EXERCISE DESCRIPTION »
Of all the lines in the entries, how many carry the word "assumes"? The reply is that number and no more.

INPUT DATA »
◇ ◇ ◇ ◇ ◇

lemma super_strong_wilf_iff_card_words_with_Em_superset:
  "super_strong_wilf u v \<longleftrightarrow>
     (\<forall>l s T. card (words_with_Em_superset u l s T) = card (words_with_Em_superset v l s T))"
proof -
  have empty: "words_with_Em x l s S = {}" "words_with_Em_superset x l s S = {}"
    if "\<not> S \<subseteq> {1..Suc l}" for x l s S
    using that Em_subset unfolding words_with_Em_def words_with_Em_superset_def by fastforce+
  have "(\<forall>S. card (words_with_Em u l s S) = card (words_with_Em v l s S)) \<longleftrightarrow>
        (\<forall>T. card (words_with_Em_superset u l s T) = card (words_with_Em_superset v l s T))" for l s
  proof
    assume fib: "\<forall>S. card (words_with_Em u l s S) = card (words_with_Em v l s S)"
    show "\<forall>T. card (words_with_Em_superset u l s T) = card (words_with_Em_superset v l s T)"
    proof
      fix T show "card (words_with_Em_superset u l s T) = card (words_with_Em_superset v l s T)"
        using fib by (cases "T \<subseteq> {1..Suc l}") (simp_all add: card_words_with_Em_superset_eq_sum empty)
    qed
  next
    assume sup: "\<forall>T. card (words_with_Em_superset u l s T) = card (words_with_Em_superset v l s T)"
    show "\<forall>S. card (words_with_Em u l s S) = card (words_with_Em v l s S)"
    proof
      fix S show "card (words_with_Em u l s S) = card (words_with_Em v l s S)"
      proof (cases "S \<subseteq> {1..Suc l}")
        case True
        have "(\<Sum>S | T \<subseteq> S \<and> S \<subseteq> {1..Suc l}. card (words_with_Em u l s S))
            = (\<Sum>S | T \<subseteq> S \<and> S \<subseteq> {1..Suc l}. card (words_with_Em v l s S))"
          if "T \<subseteq> {1..Suc l}" for T
          using sup card_words_with_Em_superset_eq_sum[OF that] by metis
        then show ?thesis by (rule eq_if_superset_sums_eq[OF finite_atLeastAtMost _ True])
      qed (simp add: empty)
    qed
  qed
  then show ?thesis unfolding super_strong_wilf_iff_card_words_with_Em by blast
qed

section \<open>The least word with prescribed embedding indices\<close>

definition window_starts :: "nat list \<Rightarrow> nat \<Rightarrow> nat set" where
  "window_starts u l = {j. 1 \<le> j \<and> j + length u - 1 \<le> l}"

lemma Em_subset_window_starts: "Em u w \<subseteq> window_starts u (length w)"
  unfolding Em_def window_starts_def by auto

text \<open>The smallest letter a positive word can carry at (0-based) position \<open>p\<close> when every
  \<open>j \<in> T\<close> is to be an embedding index of \<open>u\<close>.\<close>

definition least_letter :: "nat list \<Rightarrow> nat set \<Rightarrow> nat \<Rightarrow> nat" where
  "least_letter u T p = Max (insert 1 {u ! (p + 1 - j) | j. j \<in> T \<and> j \<le> p + 1 \<and> p + 1 - j < length u})"

definition least_word :: "nat list \<Rightarrow> nat set \<Rightarrow> nat \<Rightarrow> nat list" where
  "least_word u T l = map (least_letter u T) [0..<l]"

lemma finite_least_letter_candidates:
  "finite {u ! (p + 1 - j) | j. j \<in> T \<and> j \<le> p + 1 \<and> p + 1 - j < length u}"
  by (rule finite_subset[of _ "set u"]) auto

lemma least_letter_ge_iff:
  "c \<le> least_letter u T p \<longleftrightarrow>
     c \<le> 1 \<or> (\<exists>j\<in>T. j \<le> p + 1 \<and> p + 1 - j < length u \<and> c \<le> u ! (p + 1 - j))"
  unfolding least_letter_def using finite_least_letter_candidates by (subst Max_ge_iff) auto

lemma least_letter_le_iff:
  "least_letter u T p \<le> c \<longleftrightarrow>
     1 \<le> c \<and> (\<forall>j\<in>T. j \<le> p + 1 \<and> p + 1 - j < length u \<longrightarrow> u ! (p + 1 - j) \<le> c)"
  unfolding least_letter_def using finite_least_letter_candidates by (subst Max_le_iff) auto

lemma one_le_least_letter: "1 \<le> least_letter u T p"
  by (simp add: least_letter_ge_iff)

lemma subset_Em_iff_least_letter_le:
  assumes w: "w \<in> pos_words" and T: "T \<subseteq> window_starts u (length w)"
  shows "T \<subseteq> Em u w \<longleftrightarrow> (\<forall>p<length w. least_letter u T p \<le> w ! p)"
proof
  assume TEm: "T \<subseteq> Em u w"
  show "\<forall>p<length w. least_letter u T p \<le> w ! p"
  proof (intro allI impI)
    fix p assume p: "p < length w"
    have "u ! (p + 1 - j) \<le> w ! p" if "j \<in> T" "j \<le> p + 1" "p + 1 - j < length u" for j
      using TEm that unfolding Em_def by (auto dest!: spec[of _ "p + 1 - j"])
    moreover have "1 \<le> w ! p" using w p unfolding pos_words_def by simp
    ultimately show "least_letter u T p \<le> w ! p" by (simp add: least_letter_le_iff)
  qed
next
  assume le: "\<forall>p<length w. least_letter u T p \<le> w ! p"
  show "T \<subseteq> Em u w"
  proof
    fix j assume j: "j \<in> T"
    then have j1: "1 \<le> j" "j + length u - 1 \<le> length w" using T unfolding window_starts_def by auto
    have "u ! k \<le> w ! (j + k - 1)" if k: "k < length u" for k
    proof -
      have "u ! k \<le> least_letter u T (j + k - 1)"
        unfolding least_letter_ge_iff using j j1 k by (intro disjI2 bexI[of _ j]) auto
      also have "\<dots> \<le> w ! (j + k - 1)" using le j1 k by simp
      finally show ?thesis .
    qed
    with j1 show "j \<in> Em u w" unfolding Em_def by auto
  qed
qed

definition dominating_words :: "nat list \<Rightarrow> nat \<Rightarrow> nat list set" where
  "dominating_words b s = {w. length w = length b \<and> sum_list w = s \<and> (\<forall>p<length b. b ! p \<le> w ! p)}"

lemma words_with_Em_superset_eq_dominating_words:
  assumes T: "T \<subseteq> window_starts u l"
  shows "words_with_Em_superset u l s T = dominating_words (least_word u T l) s"
proof (rule set_eqI)
  fix w show "w \<in> words_with_Em_superset u l s T \<longleftrightarrow> w \<in> dominating_words (least_word u T l) s"
  proof (cases "length w = l")
    case True
    have "w \<in> pos_words" if "\<forall>p<l. least_letter u T p \<le> w ! p"
      using that True one_le_least_letter[of u T] unfolding pos_words_def
      by (auto simp: in_set_conv_nth) (metis order_trans)
    with True T show ?thesis
      unfolding words_with_Em_superset_def dominating_words_def least_word_def
      using subset_Em_iff_least_letter_le[of w T u] by auto
  qed (auto simp: words_with_Em_superset_def dominating_words_def least_word_def)
qed

lemma finite_dominating_words [simp]: "finite (dominating_words b s)"
  by (rule finite_subset[OF _ finite_lists_length_sum_list[of "length b" s]])
    (auto simp: dominating_words_def)

lemma self_mem_dominating_words: "b \<in> dominating_words b (sum_list b)"
  unfolding dominating_words_def by simp

lemma sum_list_le_if_mem_dominating_words: "w \<in> dominating_words b s \<Longrightarrow> sum_list b \<le> s"
  unfolding dominating_words_def by (auto simp: sum_list_sum_nth atLeast0LessThan intro!: sum_mono)

lemma card_dominating_words_le:
  assumes len: "length b' = length b" and sum: "sum_list b' = sum_list b"
  shows "card (dominating_words b s) \<le> card (dominating_words b' s)"
proof -
  define l where "l = length b"
  define F where "F w = map (\<lambda>p. w ! p - b ! p + b' ! p) [0..<l]" for w
  have "F w \<in> dominating_words b' s" if w: "w \<in> dominating_words b s" for w
  proof -
    have le: "\<forall>p\<in>{..<l}. b ! p \<le> w ! p" and lw: "length w = l"
      using w unfolding dominating_words_def l_def by auto
    have "sum_list (F w) = (\<Sum>p<l. w ! p - b ! p) + (\<Sum>p<l. b' ! p)"
      unfolding F_def by (simp add: sum_list_sum_nth sum.distrib atLeast0LessThan)
    also have "(\<Sum>p<l. w ! p - b ! p) = (\<Sum>p<l. w ! p) - (\<Sum>p<l. b ! p)"
      using le by (intro sum_subtractf_nat) auto
    also have "\<dots> + (\<Sum>p<l. b' ! p) = sum_list w - sum_list b + sum_list b'"
      using lw len by (simp add: sum_list_sum_nth atLeast0LessThan l_def)
    also have "\<dots> = s"
      using w sum sum_list_le_if_mem_dominating_words[OF w] unfolding dominating_words_def by simp
    finally show ?thesis using len unfolding F_def dominating_words_def l_def by simp
  qed
  moreover have "inj_on F (dominating_words b s)"
  proof
    fix x y assume x: "x \<in> dominating_words b s" and y: "y \<in> dominating_words b s"
      and Fxy: "F x = F y"
    have "x ! p = y ! p" if "p < l" for p
    proof -
      have "x ! p - b ! p + b' ! p = y ! p - b ! p + b' ! p"
        using arg_cong[OF Fxy, of "\<lambda>z. z ! p"] that unfolding F_def by simp
      moreover have "b ! p \<le> x ! p" "b ! p \<le> y ! p"
        using x y that unfolding dominating_words_def l_def by auto
      ultimately show ?thesis by linarith
    qed
    with x y show "x = y" unfolding dominating_words_def l_def by (simp add: nth_equalityI)
  qed
  ultimately show ?thesis by (intro card_inj_on_le[OF _ _ finite_dominating_words]) auto
qed

lemma card_dominating_words_eq:
  "length b' = length b \<Longrightarrow> sum_list b' = sum_list b \<Longrightarrow>
     card (dominating_words b' s) = card (dominating_words b s)"
  by (simp add: card_dominating_words_le order.antisym)

definition union_profile :: "nat list \<Rightarrow> nat \<Rightarrow> int set \<Rightarrow> nat" where
  "union_profile u N K = (\<Sum>c\<in>{2..N}. card (\<Union>x\<in>K. (+) x ` level u c))"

◇ ◇ ◇ ◇ ◇

SOLUTION TO THIS EXERCISE »
3